ExecutionStrategy allows the user to more preciously control how to run
the program in ParallelExecutor by setting the property.
Returns:
ExecutionStrategy: An ExecutionStrategy object.
Examples:
.. code-block:: python
import paddle
import paddle.static as static
import paddle.nn.functional as F
paddle.enable_static()
x = static.data(name='x', shape=[None, 13], dtype='float32')
y = static.data(name='y', shape=[None, 1], dtype='float32')
y_predict = static.nn.fc(input=x, size=1, act=None)
cost = F.square_error_cost(input=y_predict, label=y)
avg_loss = paddle.mean(cost)
sgd_optimizer = paddle.optimizer.SGD(learning_rate=0.001)
sgd_optimizer.minimize(avg_loss)
exec_strategy = static.ExecutionStrategy()
exec_strategy.num_threads = 4
train_exe = static.ParallelExecutor(use_cuda=False,
loss_name=avg_loss.name,
exec_strategy=exec_strategy)
)DOC");
py::enum_<ExecutionStrategy::UseDevice>(exec_strategy, "UseDevice")
.value("CPU", ExecutionStrategy::UseDevice::kCPU)
.value("CUDA", ExecutionStrategy::UseDevice::kCUDA)

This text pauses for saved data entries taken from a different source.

(* For a set $\mathcal{R}$ of languages over $\Sigma$ and a regular language $R\subseteq\Sigma^*$ let $\mathcal{R}\,\dot\cup\,R=\{L\cup R\mid L\in\mathcal{R}\}$. (1) There exist a rational set of regular languages $\mathcal{R}$ and a regular language $R$ such that $\mathcal{R}\,\dot\cup\,R$ is not a rational set of regular languages. (2) If $\mathcal{R}$ is a finite rational set of regular languages and $R$ is regular, then $\mathcal{R}\,\dot\cup\,R$ is a rational set of regular languages. (3) In the latter case a different language substitution is in general required: there exist an alphabet $\Delta$, a regular language substitution $\varphi:\Delta\to2^{\Sigma^*}$, a regular $K\subseteq\Delta^+$ with $\mathcal{R}=(K,\varphi)$ finite, and a regular $R\subseteq\Sigma^*$ such that there is no regular $K'\subseteq\Delta^+$ with $\mathcal{R}\,\dot\cup\,R=(K',\varphi)$.
   Context: Alphabets are nonempty finite sets. A regular language substitution $\varphi:\Delta\to2^{\Sigma^*}$ maps each symbol to a regular language over $\Sigma$, extended by $\varphi(\delta w)=\varphi(\delta)\varphi(w)$. A set $\mathcal{R}$ of regular languages over $\Sigma$ is a rational set of regular languages, written $\mathcal{R}=(K,\varphi)$, if there are an alphabet $\Delta$, a regular $K\subseteq\Delta^+$ and a regular language substitution $\varphi$ with $\mathcal{R}=\{\varphi(w)\mid w\in K\}$. *)

theory Defs
  imports Main
begin

definition alphabet :: "'a set \<Rightarrow> bool" where
  "alphabet \<Sigma> \<longleftrightarrow> finite \<Sigma> \<and> \<Sigma> \<noteq> {}"

definition lconc :: "'a list set \<Rightarrow> 'a list set \<Rightarrow> 'a list set" where
  "lconc A B = {u @ v | u v. u \<in> A \<and> v \<in> B}"

definition lstar :: "'a list set \<Rightarrow> 'a list set" where
  "lstar A = {concat ws | ws. set ws \<subseteq> A}"

inductive regular :: "'a set \<Rightarrow> 'a list set \<Rightarrow> bool" for \<Sigma> :: "'a set" where
  reg_empty: "regular \<Sigma> {}"
| reg_eps: "regular \<Sigma> {[]}"
| reg_sym: "a \<in> \<Sigma> \<Longrightarrow> regular \<Sigma> {[a]}"
| reg_union: "regular \<Sigma> A \<Longrightarrow> regular \<Sigma> B \<Longrightarrow> regular \<Sigma> (A \<union> B)"
| reg_conc: "regular \<Sigma> A \<Longrightarrow> regular \<Sigma> B \<Longrightarrow> regular \<Sigma> (lconc A B)"
| reg_star: "regular \<Sigma> A \<Longrightarrow> regular \<Sigma> (lstar A)"

definition reg_subst :: "'d set \<Rightarrow> 'a set \<Rightarrow> ('d \<Rightarrow> 'a list set) \<Rightarrow> bool" where
  "reg_subst \<Delta> \<Sigma> \<phi> \<longleftrightarrow> (\<forall>\<delta>\<in>\<Delta>. regular \<Sigma> (\<phi> \<delta>))"

fun subst_word :: "('d \<Rightarrow> 'a list set) \<Rightarrow> 'd list \<Rightarrow> 'a list set" where
  "subst_word \<phi> [] = {[]}"
| "subst_word \<phi> (\<delta> # w) = lconc (\<phi> \<delta>) (subst_word \<phi> w)"

definition represents ::
  "'a set \<Rightarrow> 'd set \<Rightarrow> 'd list set \<Rightarrow> ('d \<Rightarrow> 'a list set) \<Rightarrow> 'a list set set \<Rightarrow> bool" where
  "represents \<Sigma> \<Delta> K \<phi> \<R> \<longleftrightarrow>
     alphabet \<Delta> \<and> regular \<Delta> K \<and> K \<subseteq> lists \<Delta> - {[]} \<and> reg_subst \<Delta> \<Sigma> \<phi> \<and>
     \<R> = subst_word \<phi> ` K"

text \<open>Rational set of regular languages; symbol alphabets Delta are finite sets of naturals
  (any finite alphabet can be renamed into nat).\<close>
definition rational_set :: "'a set \<Rightarrow> 'a list set set \<Rightarrow> bool" where
  "rational_set \<Sigma> \<R> \<longleftrightarrow> (\<exists>(\<Delta>::nat set) K \<phi>. represents \<Sigma> \<Delta> K \<phi> \<R>)"

definition dunion :: "'a list set set \<Rightarrow> 'a list set \<Rightarrow> 'a list set set" where
  "dunion \<R> R = (\<lambda>L. L \<union> R) ` \<R>"

end

theory Submission
  imports Defs
begin

text \<open>
  Every finite set of regular languages is rational: give each language its own symbol. This
  settles (2). For (1) and (3) the key observation is that \<open>{\<epsilon>, x}\<close> with \<open>x \<noteq> \<epsilon>\<close> can only
  arise as a product \<open>\<phi>(\<delta>\<^sub>1) \<cdots> \<phi>(\<delta>\<^sub>n)\<close> if some factor is itself \<open>{\<epsilon>, x}\<close> and the others are
  \<open>{\<epsilon>}\<close>. Hence a rational set contains only finitely many languages of that shape, whereas
  \<open>{{a\<^sup>n} | n \<ge> 1} \<union>\<^sup>. {\<epsilon>} = {{\<epsilon>, a\<^sup>n} | n \<ge> 1}\<close> contains infinitely many. And with the substitution
  \<open>a \<mapsto> {a}\<close> every \<open>\<phi>(w)\<close> is a singleton, so \<open>{{a}} \<union>\<^sup>. {\<epsilon>} = {{\<epsilon>, a}}\<close> needs a new substitution.
\<close>

lemma lconc_Nil_right [simp]: "lconc A {[]} = A"
  unfolding lconc_def by auto

lemma lstar_letter: "lstar {[a]} = range (\<lambda>n. replicate n a)"
proof (intro set_eqI iffI)
  fix u assume "u \<in> lstar {[a]}"
  then obtain ws where "u = concat ws" and "set ws \<subseteq> {[a]}" unfolding lstar_def by blast
  then have "u = replicate (length ws) a" by (induction ws arbitrary: u) auto
  then show "u \<in> range (\<lambda>n. replicate n a)" by blast
next
  fix u assume "u \<in> range (\<lambda>n. replicate n a)"
  then obtain n where "u = replicate n a" by blast
  then have "u = concat (replicate n [a])" by (induction n arbitrary: u) auto
  then show "u \<in> lstar {[a]}" unfolding lstar_def by fastforce
qed

lemma subst_word_const_letter: "subst_word (\<lambda>_. {[a]}) w = {replicate (length w) a}"
  by (induction w) (auto simp: lconc_def)

lemma regular_subst_word:
  assumes "reg_subst \<Delta> \<Sigma> \<phi>" and "w \<in> lists \<Delta>"
  shows "regular \<Sigma> (subst_word \<phi> w)"
  using assms(2)
proof (induction w)
  case Nil
  show ?case by (simp add: reg_eps)
next
  case (Cons \<delta> w)
  then show ?case using assms(1) by (auto simp: reg_subst_def intro: reg_conc)
qed

lemma rational_set_regular:
  assumes "rational_set \<Sigma> \<R>" and "L \<in> \<R>"
  shows "regular \<Sigma> L"
  using assms regular_subst_word unfolding rational_set_def represents_def by blast

lemma regular_letters:
  assumes "finite A" and "A \<subseteq> \<Sigma>"
  shows "regular \<Sigma> ((\<lambda>a. [a]) ` A)"
  using assms
proof (induction A rule: finite_induct)
  case empty
  show ?case by (simp add: reg_empty)
next
  case (insert a A)
  then have "regular \<Sigma> ({[a]} \<union> (\<lambda>a. [a]) ` A)" by (intro reg_union reg_sym) auto
  then show ?case by simp
qed

lemma rational_set_finite:
  assumes "finite \<R>" and "\<forall>L\<in>\<R>. regular \<Sigma> L"
  shows "rational_set \<Sigma> \<R>"
proof -
  define n where "n = card \<R>"
  obtain f where f: "bij_betw f {0..<n} \<R>"
    using ex_bij_betw_nat_finite[OF assms(1)] n_def by blast
  \<comment> \<open>The extra symbol \<open>n\<close> only keeps \<open>\<Delta>\<close> nonempty when \<open>\<R> = {}\<close>.\<close>
  define \<phi> where "\<phi> = (\<lambda>i. if i < n then f i else {})"
  define K where "K = (\<lambda>i. [i]) ` {0..<n}"
  have "reg_subst {0..n} \<Sigma> \<phi>"
    unfolding reg_subst_def \<phi>_def
    using assms(2) bij_betw_apply[OF f] by (auto intro: reg_empty)
  moreover have "subst_word \<phi> ` K = \<R>"
    unfolding K_def \<phi>_def image_image using bij_betw_imp_surj_on[OF f] by simp
  ultimately have "represents \<Sigma> {0..n} K \<phi> \<R>"
    unfolding represents_def alphabet_def K_def by (auto intro: regular_letters)
  then show ?thesis
    unfolding rational_set_def by blast
qed

lemma lconc_eq_Nil_pair:
  assumes "lconc A B = {[], x}" and "x \<noteq> []"
  shows "A = {[], x} \<or> (A = {[]} \<and> B = {[], x})"
proof -
  have "[] \<in> lconc A B" using assms(1) by simp
  then have "[] \<in> A" and "[] \<in> B" unfolding lconc_def by auto
  then have "A \<subseteq> lconc A B" and "B \<subseteq> lconc A B" unfolding lconc_def by force+
  then have "A \<subseteq> {[], x}" and "B \<subseteq> {[], x}" using assms(1) by simp_all
  moreover have "x \<in> lconc A B" using assms(1) by simp
  then obtain u v where "x = u @ v" "u \<in> A" "v \<in> B" unfolding lconc_def by blast
  ultimately show ?thesis using \<open>[] \<in> A\<close> \<open>[] \<in> B\<close> assms(2) by auto
qed

lemma subst_word_eq_Nil_pair:
  assumes "subst_word \<phi> w = {[], x}" and "x \<noteq> []"
  shows "\<exists>\<delta>\<in>set w. \<phi> \<delta> = {[], x}"
  using assms(1)
proof (induction w)
  case Nil
  then show ?case using assms(2) by (simp add: doubleton_eq_iff)
next
  case (Cons \<delta> w)
  then have "lconc (\<phi> \<delta>) (subst_word \<phi> w) = {[], x}" by simp
  then have "\<phi> \<delta> = {[], x} \<or> subst_word \<phi> w = {[], x}"
    using lconc_eq_Nil_pair[OF _ assms(2)] by blast
  then show ?case using Cons.IH by auto
qed

lemma rational_set_finitely_many_pairs:
  assumes "rational_set \<Sigma> \<R>"
  shows "finite {x. x \<noteq> [] \<and> {[], x} \<in> \<R>}"
proof -
  obtain \<Delta> :: "nat set" and K \<phi> where rep: "represents \<Sigma> \<Delta> K \<phi> \<R>"
    using assms unfolding rational_set_def by blast
  define P where "P = {x. x \<noteq> [] \<and> {[], x} \<in> \<R>}"
  have "{[], x} \<in> \<phi> ` \<Delta>" if "x \<in> P" for x
  proof -
    from that have "x \<noteq> []" and "{[], x} \<in> subst_word \<phi> ` K"
      using rep unfolding P_def represents_def by simp_all
    then obtain w where "w \<in> K" and w: "subst_word \<phi> w = {[], x}" by force
    then have "w \<in> lists \<Delta>" using rep unfolding represents_def by blast
    moreover obtain \<delta> where "\<delta> \<in> set w" and "\<phi> \<delta> = {[], x}"
      using subst_word_eq_Nil_pair[OF w \<open>x \<noteq> []\<close>] by blast
    ultimately have "\<delta> \<in> \<Delta>" by (auto simp: in_lists_conv_set)
    with \<open>\<phi> \<delta> = {[], x}\<close> show ?thesis by (metis image_eqI)
  qed
  then have "(\<lambda>x. {[], x}) ` P \<subseteq> \<phi> ` \<Delta>" by (rule image_subsetI)
  moreover have "finite \<Delta>" using rep unfolding represents_def alphabet_def by blast
  ultimately have "finite ((\<lambda>x. {[], x}) ` P)" by (meson finite_imageI finite_subset)
  moreover have "inj_on (\<lambda>x. {[], x}) P"
  proof (rule inj_onI)
    fix x y assume "{[], x} = {[], y}" and "x \<in> P"
    then show "x = y" unfolding P_def by (metis empty_iff insert_iff)
  qed
  ultimately show ?thesis unfolding P_def[symmetric] by (rule finite_imageD)
qed

lemma rational_set_dunion_counterexample:
  defines "\<phi> \<equiv> \<lambda>_::nat. {[0::nat]}" and "K \<equiv> lconc {[0::nat]} (lstar {[0]})"
  shows "rational_set {0} (subst_word \<phi> ` K)"
    and "\<not> rational_set {0} (dunion (subst_word \<phi> ` K) {[]})"
proof -
  have K_eq: "K = range (\<lambda>n. replicate (Suc n) 0)"
    unfolding K_def lstar_letter lconc_def by auto
  have "represents {0} {0} K \<phi> (subst_word \<phi> ` K)"
    unfolding represents_def
  proof (intro conjI)
    show "alphabet {0::nat}" by (simp add: alphabet_def)
    show "regular {0} K" unfolding K_def by (intro reg_conc reg_star reg_sym) simp_all
    show "K \<subseteq> lists {0} - {[]}" unfolding K_eq by auto
    show "reg_subst {0} {0} \<phi>" unfolding reg_subst_def \<phi>_def by (simp add: reg_sym)
  qed (rule refl)
  then show "rational_set {0} (subst_word \<phi> ` K)"
    unfolding rational_set_def by blast
  have pairs: "{x. x \<noteq> [] \<and> {[], x} \<in> dunion (subst_word \<phi> ` K) {[]}}
        = range (\<lambda>n. replicate (Suc n) (0::nat))"
    unfolding dunion_def K_eq image_image \<phi>_def subst_word_const_letter
    by (auto simp: doubleton_eq_iff)
  have infinite: "infinite (range (\<lambda>n. replicate (Suc n) (0::nat)))"
  proof
    assume "finite (range (\<lambda>n. replicate (Suc n) (0::nat)))"
    then have "finite (UNIV :: nat set)" by (rule finite_imageD) (simp add: inj_def)
    then show False by simp
  qed
  show "\<not> rational_set {0} (dunion (subst_word \<phi> ` K) {[]})"
    using rational_set_finitely_many_pairs[of "{0}" "dunion (subst_word \<phi> ` K) {[]}"]
    unfolding pairs using infinite by blast
qed

lemma dunion_requires_new_subst:
  defines "\<phi> \<equiv> \<lambda>_::nat. {[0::nat]}"
  shows "represents {0} {0} {[0]} \<phi> (subst_word \<phi> ` {[0]})"
    and "\<not> (\<exists>K'. represents {0} {0} K' \<phi> (dunion (subst_word \<phi> ` {[0]}) {[]}))"
proof -
  show "represents {0} {0} {[0]} \<phi> (subst_word \<phi> ` {[0]})"
    unfolding represents_def \<phi>_def by (auto simp: alphabet_def reg_subst_def intro: reg_sym)
  have "dunion (subst_word \<phi> ` {[0]}) {[]} = {{[], [0]}}"
    unfolding dunion_def \<phi>_def by (auto simp: lconc_def)
  moreover have "{[], [0]} \<notin> subst_word \<phi> ` K'" for K'
    unfolding \<phi>_def subst_word_const_letter by (auto simp: doubleton_eq_iff)
  ultimately show "\<not> (\<exists>K'. represents {0} {0} K' \<phi> (dunion (subst_word \<phi> ` {[0]}) {[]}))"
    unfolding represents_def by (metis insertI1)
qed

theorem proposition6:
  shows "(\<exists>(\<Sigma>::nat set) \<R> R. alphabet \<Sigma> \<and> rational_set \<Sigma> \<R> \<and> regular \<Sigma> R \<and>
            \<not> rational_set \<Sigma> (dunion \<R> R))
       \<and> (\<forall>(\<Sigma>::'a set) \<R> R. alphabet \<Sigma> \<and> rational_set \<Sigma> \<R> \<and> finite \<R> \<and> regular \<Sigma> R \<longrightarrow>
            rational_set \<Sigma> (dunion \<R> R))
       \<and> (\<exists>(\<Sigma>::nat set) (\<Delta>::nat set) \<phi> K R. alphabet \<Sigma> \<and> represents \<Sigma> \<Delta> K \<phi> (subst_word \<phi> ` K) \<and>
            finite (subst_word \<phi> ` K) \<and> regular \<Sigma> R \<and>
            \<not> (\<exists>K'. represents \<Sigma> \<Delta> K' \<phi> (dunion (subst_word \<phi> ` K) R)))"
proof (intro conjI allI impI)
  have "alphabet {0::nat}" and "regular {0::nat} {[]}"
    by (simp_all add: alphabet_def reg_eps)
  then show "\<exists>(\<Sigma>::nat set) \<R> R. alphabet \<Sigma> \<and> rational_set \<Sigma> \<R> \<and> regular \<Sigma> R \<and>
               \<not> rational_set \<Sigma> (dunion \<R> R)"
    using rational_set_dunion_counterexample by blast
  show "\<exists>(\<Sigma>::nat set) (\<Delta>::nat set) \<phi> K R. alphabet \<Sigma> \<and> represents \<Sigma> \<Delta> K \<phi> (subst_word \<phi> ` K) \<and>
          finite (subst_word \<phi> ` K) \<and> regular \<Sigma> R \<and>
          \<not> (\<exists>K'. represents \<Sigma> \<Delta> K' \<phi> (dunion (subst_word \<phi> ` K) R))"
    using dunion_requires_new_subst \<open>alphabet {0::nat}\<close> \<open>regular {0::nat} {[]}\<close> by blast
next
  fix \<Sigma> :: "'a set" and \<R> R
  assume "alphabet \<Sigma> \<and> rational_set \<Sigma> \<R> \<and> finite \<R> \<and> regular \<Sigma> R"
  then show "rational_set \<Sigma> (dunion \<R> R)"
    unfolding dunion_def
    by (auto intro!: rational_set_finite reg_union dest: rational_set_regular)
qed

end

.value("XPU", ExecutionStrategy::UseDevice::kXPU);
exec_strategy.def(py::init())
.def_property(
"num_threads",
[](const ExecutionStrategy &self) { return self.num_threads_; },
[](ExecutionStrategy &self, size_t num_threads) {
self.num_threads_ = num_threads;
},
R"DOC(
The type is INT, num_threads represents the size of thread pool that
used to run the operators of the current program in ParallelExecutor.
If :math:`num\_threads=1`, all the operators will execute one by one,
but the order maybe difference between iterations.
If it is not set, it will be set in ParallelExecutor according to the
device type and device count, for GPU, :math:`num\_threads=device\_count*4`, for CPU,
:math:`num\_threads=CPU\_NUM*4`, the explanation of:math:`CPU\_NUM` is in ParallelExecutor.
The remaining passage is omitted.